If you run AI models in production, you have a relationship with cold starts whether you want one or not.
A three-minute startup time changes how you scale. You keep GPUs warm that could have been released. You over-provision to avoid making users wait. You stretch cooldown periods because scaling down too quickly creates pain on the next spike. The application starts accumulating complexity around one problem: getting a model ready to serve traffic fast enough.
At Cerebrium, we have been obsessed with the cold start problem since day one. That obsession has pushed us to rethink almost every layer of our infrastructure:
As more companies move large custom AI models into production, they hit the same wall. Our customers run large language models, real-time avatars, transcription models, diffusion models, and other GPU-heavy workloads where startup time can vary from a few seconds to more than five minutes.
Most of that time is spent on work that gets a container ready to serve requests: importing libraries, loading model weights, initializing CUDA, compiling kernels, and warming up the runtime. That is the core problem checkpointing solves.
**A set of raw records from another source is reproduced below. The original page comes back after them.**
(* Let $p$ be a prime, $r=p^{h'}$ with $h'\ge1$, $l\ge1$ coprime to $r$, $d\in\{1,p,p^2\}$, $M,N^*\ge1$, and complex numbers $(\alpha_m)_{m\le M}$, $(\beta_n)_{n\le N^*}$ with $\alpha_m\ll_\varepsilon m^\varepsilon$, $\beta_n\ll_\varepsilon n^\varepsilon$ for every $\varepsilon>0$. Put $$B=\sum_{1\le m\le M}\sum_{1\le n\le N^*}\alpha_m\beta_n\frac{S(ldm,n;r)}{\sqrt r},\qquad S(a,b;r)=\sum_{x\ (\mathrm{mod}\ r),\ (x,r)=1}e\Big(\frac{ax+b\overline{x}}{r}\Big).$$ Then for every $\varepsilon>0$, $$B\ll_{\varepsilon,p}(MN^*r)^\varepsilon MN^*\min_{s\mid r}\Big(\Big(\frac{r}{N^*}\Big)^{1/2}+\Big(\frac sr\Big)^{1/4}+\Big(\frac{r}{M^2s}\Big)^{1/4}\Big).$$
   Context: $e(z)=e^{2\pi iz}$; $\overline{x}$ denotes the inverse of $x$ modulo $r$. *)

theory Defs
  imports "HOL-Analysis.Analysis" "HOL-Number_Theory.Number_Theory"
begin

definition e_char :: "real \<Rightarrow> complex" where
  "e_char z = exp (2 * of_real pi * \<i> * of_real z)"

definition kloosterman :: "int \<Rightarrow> int \<Rightarrow> nat \<Rightarrow> complex" where
  "kloosterman a b r =
     (\<Sum>x\<in>{x. x < r \<and> coprime x r}.
        e_char (real_of_int (a * int x + b * modular_inverse (int r) (int x)) / real r))"

definition bilinB :: "(nat \<Rightarrow> complex) \<Rightarrow> (nat \<Rightarrow> complex) \<Rightarrow> nat \<Rightarrow> nat \<Rightarrow> nat \<Rightarrow> nat \<Rightarrow> nat \<Rightarrow> complex" where
  "bilinB \<alpha> \<beta> l d r M N =
     (\<Sum>m=1..M. \<Sum>n=1..N. \<alpha> m * \<beta> n *
        kloosterman (int (l * d * m)) (int n) r / of_real (sqrt (real r)))"

end

theory Submission
  imports Defs
begin

text \<open>
  Opening the Kloosterman sums gives \<open>B \<surd>r = \<Sum>\<^sub>x U(x) V(x\<inverse>)\<close> with
  \<open>U(x) = \<Sum>\<^sub>m \<alpha>\<^sub>m e(ldmx/r)\<close> and \<open>V(y) = \<Sum>\<^sub>n \<beta>\<^sub>n e(ny/r)\<close>. Since \<open>x \<mapsto> x\<inverse>\<close> permutes the units
  mod \<open>r\<close>, Cauchy-Schwarz and orthogonality of additive characters bound \<open>|B|\<^sup>2 r\<close> by
  \<open>r\<^sup>2 A\<^sup>2 A'\<^sup>2\<close> (where \<open>|\<alpha>\<^sub>m| \<le> A\<close>, \<open>|\<beta>\<^sub>n| \<le> A'\<close>) times the numbers of pairs with
  \<open>ldm \<equiv> ldm'\<close> and \<open>n \<equiv> n'\<close> mod \<open>r\<close>. As \<open>ld\<close> divides \<open>p\<^sup>2\<close> up to a unit, these are at most
  \<open>M(p\<^sup>2M/r + 1)\<close> and \<open>N(N/r + 1)\<close>, so \<open>|B|\<^sup>2 \<le> (AA'MN)\<^sup>2 (p\<^sup>2/r + p\<^sup>2/N + 1/M + r/(MN))\<close>.
  For every divisor \<open>s\<close> of \<open>r\<close> the square of the bracket in the claimed bound exceeds
  \<open>r/N\<close>, \<open>1/r\<close> and \<open>1/M\<close>, which dominates each of these four terms.
\<close>

lemma e_char_add: "e_char (x + y) = e_char x * e_char y"
  unfolding e_char_def by (simp add: distrib_left distrib_right exp_add)

lemma cnj_e_char: "cnj (e_char x) = e_char (- x)"
  unfolding e_char_def by (simp add: exp_cnj)

lemma e_char_eq_1_iff: "e_char x = 1 \<longleftrightarrow> x \<in> \<int>"
proof -
  have "e_char x = 1 \<longleftrightarrow> (\<exists>n::int. 2 * pi * x = of_int (2 * n) * pi)"
    unfolding e_char_def exp_eq_1 by simp
  also have "\<dots> \<longleftrightarrow> (\<exists>n::int. x = of_int n)" by auto
  also have "\<dots> \<longleftrightarrow> x \<in> \<int>" by (auto elim: Ints_cases)
  finally show ?thesis .
qed

lemma e_char_power: "e_char x ^ n = e_char (real n * x)"
  unfolding e_char_def by (simp add: exp_of_nat_mult[symmetric] mult_ac)

lemma sum_e_char_roots:
  assumes "r > 0"
  shows "(\<Sum>y<r. e_char (real_of_int k * real y / real r)) = (if int r dvd k then of_nat r else 0)"
proof -
  define z where "z = e_char (real_of_int k / real r)"
  have powers: "e_char (real_of_int k * real y / real r) = z ^ y" for y
    unfolding z_def e_char_power by (simp add: mult_ac)
  have "z ^ r = 1"
    unfolding z_def e_char_power using assms by (simp add: e_char_eq_1_iff)
  moreover have "z = 1 \<longleftrightarrow> int r dvd k"
  proof -
    have "z = 1 \<longleftrightarrow> (\<exists>n::int. real_of_int k = of_int n * real r)"
      unfolding z_def e_char_eq_1_iff using assms by (auto elim!: Ints_cases simp: field_simps)
    also have "\<dots> \<longleftrightarrow> int r dvd k"
      by (metis dvd_def mult.commute of_int_eq_iff of_int_mult of_int_of_nat_eq)
    finally show ?thesis .
  qed
  ultimately show ?thesis
    unfolding powers sum_gp_strict by auto
qed

subsection \<open>A mean value estimate for exponential sums\<close>

lemma card_pairs_eq_sum:
  assumes "finite I"
  shows "real (card {(i, j). i \<in> I \<and> j \<in> I \<and> P i j}) = (\<Sum>i\<in>I. \<Sum>j\<in>I. if P i j then 1 else 0)"
proof -
  have "{(i, j). i \<in> I \<and> j \<in> I \<and> P i j} = (I \<times> I) \<inter> {x. P (fst x) (snd x)}"
    by auto
  then have "real (card {(i, j). i \<in> I \<and> j \<in> I \<and> P i j})
               = (\<Sum>x\<in>I \<times> I. if P (fst x) (snd x) then 1 else 0)"
    using assms by (simp add: sum.If_cases)
  then show ?thesis
    by (simp add: sum.cartesian_product split_beta)
qed

lemma sum_norm_exp_sum_square_le:
  fixes f :: "'a \<Rightarrow> complex" and a :: "'a \<Rightarrow> nat"
  assumes r: "r > 0" and "finite I" and f: "\<forall>i\<in>I. norm (f i) \<le> A"
  shows "(\<Sum>y<r. (norm (\<Sum>i\<in>I. f i * e_char (real (a i) * real y / real r)))\<^sup>2)
           \<le> real r * A\<^sup>2 * real (card {(i, j). i \<in> I \<and> j \<in> I \<and> [a i = a j] (mod r)})"
proof -
  define E where "E i y = e_char (real (a i) * real y / real r)" for i y
  have E_diff: "E i y * cnj (E j y) = e_char (real_of_int (int (a i) - int (a j)) * real y / real r)"
    for i j y
    unfolding E_def cnj_e_char e_char_add[symmetric] by (simp add: left_diff_distrib diff_divide_distrib)
  have orth: "(\<Sum>y<r. E i y * cnj (E j y)) = (if [a i = a j] (mod r) then of_nat r else 0)" for i j
    unfolding E_diff sum_e_char_roots[OF r]
    by (simp add: cong_iff_dvd_diff[symmetric] cong_int_iff)
  have "complex_of_real (\<Sum>y<r. (norm (\<Sum>i\<in>I. f i * E i y))\<^sup>2)
          = (\<Sum>y<r. (\<Sum>i\<in>I. f i * E i y) * cnj (\<Sum>j\<in>I. f j * E j y))"
    by (simp only: of_real_sum complex_norm_square)
  also have "\<dots> = (\<Sum>y<r. \<Sum>i\<in>I. \<Sum>j\<in>I. f i * cnj (f j) * (E i y * cnj (E j y)))"
    unfolding cnj_sum sum_product by (simp add: mult_ac)
  also have "\<dots> = (\<Sum>i\<in>I. \<Sum>j\<in>I. f i * cnj (f j) * (\<Sum>y<r. E i y * cnj (E j y)))"
    by (simp add: sum_distrib_left sum.swap[of _ "{..<r}"])
  finally have "norm (complex_of_real (\<Sum>y<r. (norm (\<Sum>i\<in>I. f i * E i y))\<^sup>2))
      = norm (\<Sum>i\<in>I. \<Sum>j\<in>I. f i * cnj (f j) * (if [a i = a j] (mod r) then of_nat r else 0))"
    unfolding orth by simp
  then have expand: "(\<Sum>y<r. (norm (\<Sum>i\<in>I. f i * E i y))\<^sup>2)
      = norm (\<Sum>i\<in>I. \<Sum>j\<in>I. f i * cnj (f j) * (if [a i = a j] (mod r) then of_nat r else 0))"
    by (simp only: norm_of_real abs_of_nonneg[OF sum_nonneg[OF zero_le_power2]])
  have "norm (f i * cnj (f j) * (if [a i = a j] (mod r) then of_nat r else 0))
          \<le> real r * A\<^sup>2 * (if [a i = a j] (mod r) then 1 else 0)" if "i \<in> I" "j \<in> I" for i j
  proof -
    have "norm (f i) * norm (f j) \<le> A\<^sup>2"
      using f that by (metis mult_mono norm_ge_zero order_trans power2_eq_square)
    then show ?thesis by (simp add: norm_mult mult_left_mono mult.commute[of _ "real r"])
  qed
  then have "(\<Sum>y<r. (norm (\<Sum>i\<in>I. f i * E i y))\<^sup>2)
               \<le> (\<Sum>i\<in>I. \<Sum>j\<in>I. real r * A\<^sup>2 * (if [a i = a j] (mod r) then 1 else 0))"
    unfolding expand by (intro order_trans[OF norm_sum] sum_mono order_trans[OF norm_sum]) auto
  then show ?thesis
    unfolding E_def card_pairs_eq_sum[OF \<open>finite I\<close>] by (simp add: sum_distrib_left)
qed

subsection \<open>Counting congruent pairs\<close>

lemma card_mult_cong_le:
  assumes "r > 0" "k > 0"
  shows "real (card {j \<in> {1..X}. [k * j = c] (mod r)}) \<le> real k * real X / real r + 1"
proof -
  have "inj_on (\<lambda>j. k * j div r) {j \<in> {1..X}. [k * j = c] (mod r)}"
  proof (rule inj_onI)
    fix x y
    assume "x \<in> {j \<in> {1..X}. [k * j = c] (mod r)}" "y \<in> {j \<in> {1..X}. [k * j = c] (mod r)}"
      and "k * x div r = k * y div r"
    then have "k * x = k * y" by (metis cong_def div_mult_mod_eq mem_Collect_eq)
    then show "x = y" using assms by simp
  qed
  then have "card {j \<in> {1..X}. [k * j = c] (mod r)} \<le> card {0..k * X div r}"
    by (rule card_inj_on_le) (auto intro!: div_le_mono)
  then have "real (card {j \<in> {1..X}. [k * j = c] (mod r)}) \<le> real (k * X div r) + 1"
    by simp
  moreover have "real (k * X div r) \<le> real (k * X) / real r"
    by (rule of_nat_div_le_of_nat)
  ultimately show ?thesis
    by simp
qed

lemma card_pairs_mult_cong_le:
  assumes "r > 0" "k > 0"
  shows "real (card {(i, j). i \<in> {1..X} \<and> j \<in> {1..X} \<and> [k * i = k * j] (mod r)})
           \<le> real X * (real k * real X / real r + 1)"
proof -
  have "{(i, j). i \<in> {1..X} \<and> j \<in> {1..X} \<and> [k * i = k * j] (mod r)}
          = Sigma {1..X} (\<lambda>i. {j \<in> {1..X}. [k * j = k * i] (mod r)})"
    by (auto simp: cong_sym_eq)
  then have "real (card {(i, j). i \<in> {1..X} \<and> j \<in> {1..X} \<and> [k * i = k * j] (mod r)})
               = (\<Sum>i\<in>{1..X}. real (card {j \<in> {1..X}. [k * j = k * i] (mod r)}))"
    by (simp add: card_SigmaI)
  also have "\<dots> \<le> (\<Sum>i\<in>{1..X}. real k * real X / real r + 1)"
    by (intro sum_mono card_mult_cong_le assms)
  finally show ?thesis by simp
qed

lemma cong_mult_of_cong_coprime_mult:
  fixes l d q r i j :: nat
  assumes "coprime l r" "d dvd q" "[l * d * i = l * d * j] (mod r)"
  shows "[q * i = q * j] (mod r)"
proof -
  have "[d * i = d * j] (mod r)"
    using assms(3) cong_mult_lcancel_nat[OF assms(1)] by (simp add: mult.assoc)
  moreover obtain e where "q = e * d"
    using assms(2) by (metis dvd_def mult.commute)
  ultimately show ?thesis
    by (metis cong_scalar_left mult.assoc)
qed

lemma sum_norm_exp_sum_progression_le:
  fixes f :: "nat \<Rightarrow> complex" and a :: "nat \<Rightarrow> nat"
  assumes "r > 0" "k > 0" and "\<forall>i\<in>{1..X}. norm (f i) \<le> A"
    and cong: "\<And>i j. [a i = a j] (mod r) \<Longrightarrow> [k * i = k * j] (mod r)"
  shows "(\<Sum>y<r. (norm (\<Sum>i\<in>{1..X}. f i * e_char (real (a i) * real y / real r)))\<^sup>2)
           \<le> real r * A\<^sup>2 * (real X * (real k * real X / real r + 1))"
proof -
  have "card {(i, j). i \<in> {1..X} \<and> j \<in> {1..X} \<and> [a i = a j] (mod r)}
          \<le> card {(i, j). i \<in> {1..X} \<and> j \<in> {1..X} \<and> [k * i = k * j] (mod r)}"
    by (rule card_mono) (auto intro: finite_subset[of _ "{1..X} \<times> {1..X}"] cong)
  then have "real r * A\<^sup>2 * real (card {(i, j). i \<in> {1..X} \<and> j \<in> {1..X} \<and> [a i = a j] (mod r)})
               \<le> real r * A\<^sup>2 * (real X * (real k * real X / real r + 1))"
    using card_pairs_mult_cong_le[OF assms(1,2), of X]
    by (intro mult_left_mono) auto
  with sum_norm_exp_sum_square_le[OF assms(1) _ assms(3)] show ?thesis
    by (meson finite_atLeastAtMost order_trans)
qed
Instead of rebuilding the same runtime from scratch each time a new container starts, we snapshot the fully initialized container - including CPU memory, GPU memory, process state, model weights, and compiled kernels - and restore it directly into a new container in a fraction of the time.
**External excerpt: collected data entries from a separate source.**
lemma three_col_strict_verifies: "verifies colours three_col_strict strict_verifier"
  unfolding verifies_def three_col_strict_def by simp

lemma three_col_strict_is_LCL: "is_LCL colours three_col_strict"
  unfolding is_LCL_def colours_def
  using strict_verifier_is_verifier three_col_strict_verifies[unfolded colours_def] by blast

lemma three_col_strict_imp_three_col:
  assumes T: "rooted_binary_tree V par" and sol: "three_col_strict V par lab"
  shows "three_col V par lab"
  unfolding three_col_def
proof (intro conjI ballI allI impI)
  fix v assume "v \<in> V"
  then show "lab v \<in> {1, 2, 3}" using sol unfolding three_col_strict_def colours_def by simp
next
  fix v u assume vu: "par v = Some u"
  have "u \<in> V" using rooted_binary_tree_parent_in(2)[OF T vu] .
  then have "strict_verifier V par lab u" using sol unfolding three_col_strict_def by blast
  then have "\<forall>w\<in>{w. par w = Some u}. lab w \<noteq> lab u"
    unfolding strict_verifier_iff by (rule conjunct1)
  then show "lab u \<noteq> lab v" using vu by (metis mem_Collect_eq)
qed

lemma relaxed_happy_iff_relaxed_ok:
  assumes "partial_labeling colours V \<mu>"
  shows "relaxed_happy colours 1 strict_verifier V par \<mu> w \<longleftrightarrow> relaxed_ok par \<mu> w"
proof (cases "near_blank par \<mu> w")
  case True
  then show ?thesis
    unfolding relaxed_happy_def relaxed_ok_def near_blank_def ball_1 by auto
next
  case False
  then have labelled: "\<mu> u = Some (the (\<mu> u))" if "u \<in> ball par w 1" for u
    using that unfolding near_blank_def ball_1 by auto
  have agree: "strict_verifier V par lab w = strict_ok par \<mu> w"
    if "\<forall>u\<in>ball par w 1. \<mu> u = Some (lab u)" for lab
    unfolding strict_verifier_def by (rule strict_ok_cong) (use that ball_1[of par w] in auto)
  define lab where "lab u = (case \<mu> u of Some g \<Rightarrow> g | None \<Rightarrow> 1)" for u
  have "\<forall>u\<in>V. lab u \<in> colours"
    using assms unfolding partial_labeling_def lab_def colours_def by (auto split: option.splits)
  moreover have "\<forall>u\<in>ball par w 1. \<mu> u = Some (lab u)"
    using labelled unfolding lab_def by (metis option.simps(5))
  moreover have "\<not> (\<exists>u\<in>ball par w 1. \<mu> u = None)" using labelled by fastforce
  ultimately show ?thesis
    unfolding relaxed_happy_def relaxed_ok_def using False agree by blast
qed

section \<open>Mending\<close>

definition fixes_region ::
  "(nat \<Rightarrow> nat option) \<Rightarrow> (nat \<Rightarrow> nat option) \<Rightarrow> nat set \<Rightarrow> (nat \<Rightarrow> nat option) \<Rightarrow> bool"
  where
  "fixes_region par \<mu> R \<mu>' \<longleftrightarrow>
     (\<forall>u. u \<notin> R \<longrightarrow> \<mu>' u = \<mu> u) \<and> (\<forall>u. \<mu>' u = None \<longleftrightarrow> \<mu> u = None) \<and>
     (\<forall>u. \<mu>' u = \<mu> u \<or> \<mu>' u \<in> Some ` colours) \<and> (\<forall>w\<in>R. relaxed_ok par \<mu>' w)"

definition achievable ::
  "(nat \<Rightarrow> nat option) \<Rightarrow> (nat \<Rightarrow> nat option) \<Rightarrow> nat \<Rightarrow> nat \<Rightarrow> nat \<Rightarrow> bool"
  where
  "achievable par \<mu> y d z \<longleftrightarrow> (\<exists>\<mu>'. \<mu>' y = Some z \<and> fixes_region par \<mu> (subtree par y d) \<mu>')"

definition flexible :: "(nat \<Rightarrow> bool) \<Rightarrow> bool" where
  "flexible A \<longleftrightarrow> (\<exists>a b. a \<noteq> b \<and> a \<in> colours \<and> b \<in> colours \<and> A a \<and> A b)"

definition flexible3 :: "(nat \<Rightarrow> bool) \<Rightarrow> bool" where
  "flexible3 A \<longleftrightarrow> A 3 \<and> (\<exists>a\<in>colours. a \<noteq> 3 \<and> A a)"

lemma flexible3_imp_flexible: "flexible3 A \<Longrightarrow> flexible A"
  unfolding flexible3_def flexible_def colours_def by blast

lemma flexible_if_avoid:
  assumes "\<And>z. z \<in> colours \<Longrightarrow> z \<noteq> m \<Longrightarrow> A z"
  shows "flexible A"
proof (cases "m = 1")
  case True
  then show ?thesis using assms unfolding flexible_def colours_def
    by (intro exI[of _ 2] exI[of _ 3]) simp
next
  case False
  then show ?thesis using assms unfolding flexible_def colours_def
    by (intro exI[of _ 1] exI[of _ "if m = 2 then 3 else 2"]) simp
qed

lemma flexible_avoid:
  assumes "flexible A"
  shows "\<exists>a\<in>colours. a \<noteq> z \<and> A a"
proof -
  obtain a b where "a \<noteq> b" "a \<in> colours" "b \<in> colours" "A a" "A b"
    using assms unfolding flexible_def by blast
  then show ?thesis by (cases "a = z") auto
qed

lemma colours_avoid: "\<exists>a\<in>colours. a \<noteq> m \<and> a \<noteq> 3"
  unfolding colours_def by (cases "m = 1") auto

lemma flexible_meet:
  assumes "flexible A" "flexible B"
  shows "\<exists>m\<in>colours. A m \<and> B m"
proof -
  obtain a b c d where "a \<noteq> b" "c \<noteq> d" "A a" "A b" "B c" "B d"
    and "a \<in> colours" "b \<in> colours" "c \<in> colours" "d \<in> colours"
    using assms unfolding flexible_def by blast
  moreover from this have "a = c \<or> a = d \<or> b = c \<or> b = d"
    unfolding colours_def by auto
  ultimately show ?thesis by blast
qed

lemma flexible_common_choice:
  assumes T: "rooted_binary_tree V par" and y: "y \<in> V"
    and flex: "\<And>c. par c = Some y \<Longrightarrow> flexible (A c)"
  shows "\<exists>m\<in>colours. \<forall>c. par c = Some y \<longrightarrow> A c m"
proof -
  have "1 \<in> colours" unfolding colours_def by simp
  from T y show ?thesis
  proof (cases rule: children_cases)
    case 1
    then show ?thesis using \<open>1 \<in> colours\<close> by blast
  next
    case (2 c)
    then obtain a where "a \<in> colours" "A c a" using flexible_avoid[OF flex, of c 0] by blast
    then show ?thesis using 2 by (intro bexI[of _ a]) auto
  next
    case (3 c1 c2)
    then obtain m where "m \<in> colours" "A c1 m" "A c2 m"
      using flexible_meet[OF flex flex, of c1 c2] by blast
    then show ?thesis using 3 by (intro bexI[of _ m]) auto
  qed
qed

lemma children_same_colour:
  assumes "\<not> near_blank par \<mu> y" "\<forall>u u'. par u = Some y \<longrightarrow> par u' = Some y \<longrightarrow> \<mu> u = \<mu> u'"
  obtains e where "\<And>u. par u = Some y \<Longrightarrow> \<mu> u = Some e"
proof (cases "\<exists>u. par u = Some y")
  case True
  then obtain u0 e where "par u0 = Some y" "\<mu> u0 = Some e"
    using assms(1) unfolding near_blank_def by fastforce
  then show ?thesis using that assms(2) by metis
qed (use that in blast)

lemma achievable_labelled: "achievable par \<mu> y d z \<Longrightarrow> \<mu> y \<noteq> None"
  unfolding achievable_def fixes_region_def by force

lemma achievable_keep:
  "\<mu> y = Some z \<Longrightarrow> \<forall>w\<in>subtree par y d. relaxed_ok par \<mu> w \<Longrightarrow> achievable par \<mu> y d z"
  unfolding achievable_def fixes_region_def by blast

lemma achievable_0:
  assumes "\<mu> y \<noteq> None" "z \<in> colours" "relaxed_ok par (\<mu>(y := Some z)) y"
  shows "achievable par \<mu> y 0 z"
  unfolding achievable_def fixes_region_def using assms by (intro exI[of _ "\<mu>(y := Some z)"]) auto

lemma glued_labelling:
  assumes T: "rooted_binary_tree V par"
    and M_out: "\<And>c u. par c = Some y \<Longrightarrow> u \<notin> subtree par c d \<Longrightarrow> M c u = \<mu> u"
  obtains \<mu>' where "\<mu>' y = Some z"
    and "\<And>c u. par c = Some y \<Longrightarrow> u \<in> subtree par c (Suc d) \<Longrightarrow> \<mu>' u = M c u"
    and "\<And>u. u \<notin> subtree par y (Suc d) \<Longrightarrow> \<mu>' u = \<mu> u"
proof -
  define owner where "owner u = (THE c. par c = Some y \<and> u \<in> subtree par c d)" for u
  define \<mu>' where "\<mu>' u = (if u = y then Some z
      else if \<exists>c. par c = Some y \<and> u \<in> subtree par c d then M (owner u) u else \<mu> u)" for u
  have "\<mu>' u = M c u" if c: "par c = Some y" and u: "u \<in> subtree par c (Suc d)" for c u
  proof -
    have "u \<noteq> y" using subtree_depth[OF T u] depth_parent[OF T c] by auto
    show ?thesis
    proof (cases "u \<in> subtree par c d")
      case True
      then have "owner u = c"
        unfolding owner_def using c by (blast intro: the_equality subtree_disjoint[OF T _ c _ u])
      then show ?thesis unfolding \<mu>'_def using \<open>u \<noteq> y\<close> c True by auto
    next
      case False
      have "u \<notin> subtree par c' d" if "par c' = Some y" for c'
        using subtree_disjoint[OF T that c _ u] False by blast
      then show ?thesis unfolding \<mu>'_def using \<open>u \<noteq> y\<close> M_out[OF c False] by auto
    qed
  qed
  moreover have "\<mu>' u = \<mu> u" if "u \<notin> subtree par y (Suc d)" for u
    using that unfolding \<mu>'_def by auto
  moreover have "\<mu>' y = Some z" unfolding \<mu>'_def by simp
  ultimately show ?thesis using that by blast
qed

lemma relaxed_ok_relabelled_top:
  assumes blank: "\<And>u. (\<mu>' u = None) = (\<mu> u = None)" and top: "\<mu>' y = Some z"
    and children: "\<And>u. par u = Some y \<Longrightarrow> \<mu> u \<noteq> None \<Longrightarrow> \<mu>' u = Some (ch u)"
    and fits: "near_blank par \<mu> y \<or> strict_ok par (\<lambda>u. Some (if u = y then z else ch u)) y"
  shows "relaxed_ok par \<mu>' y"
proof (cases "near_blank par \<mu> y")
  case True
  then show ?thesis using near_blank_cong[of \<mu>' \<mu>, OF blank] unfolding relaxed_ok_def by simp
next
  case False
  have "strict_ok par \<mu>' y = strict_ok par (\<lambda>u. Some (if u = y then z else ch u)) y"
  proof (rule strict_ok_cong)
    show "\<mu>' u = Some (if u = y then z else ch u)" if "par u = Some y" for u
      using False children[OF that] top that unfolding near_blank_def by auto
  qed (simp add: top)
  then show ?thesis using fits False unfolding relaxed_ok_def by simp
qed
For some workloads, this reduces cold start time by more than 80%!
This post explains how we built CPU and GPU memory checkpointing at Cerebrium, how it works inside our highly customised gVisor-based runtime, and what it took to make real CUDA workloads like vLLM restore reliably and quickly.
Where do the minutes actually go?
It's tempting to think of cold starts as simply “pulling the image”: downloading the application image onto the machine that will run the container. But for AI workloads, that is only the first part of getting a model ready to serve traffic and it is no longer the bottleneck. We have solved the container download problem already. The real cost in a CPU or GPU container is everything that happens after the image is on the machine and the application starts initializing.
That initialization path includes importing Python modules, loading PyTorch, assembling model weights, copying them onto the GPU, and running the framework’s warmup path - torch.compile, CUDA graph capture, KV cache initialization, and whatever else the serving stack needs before it can take traffic.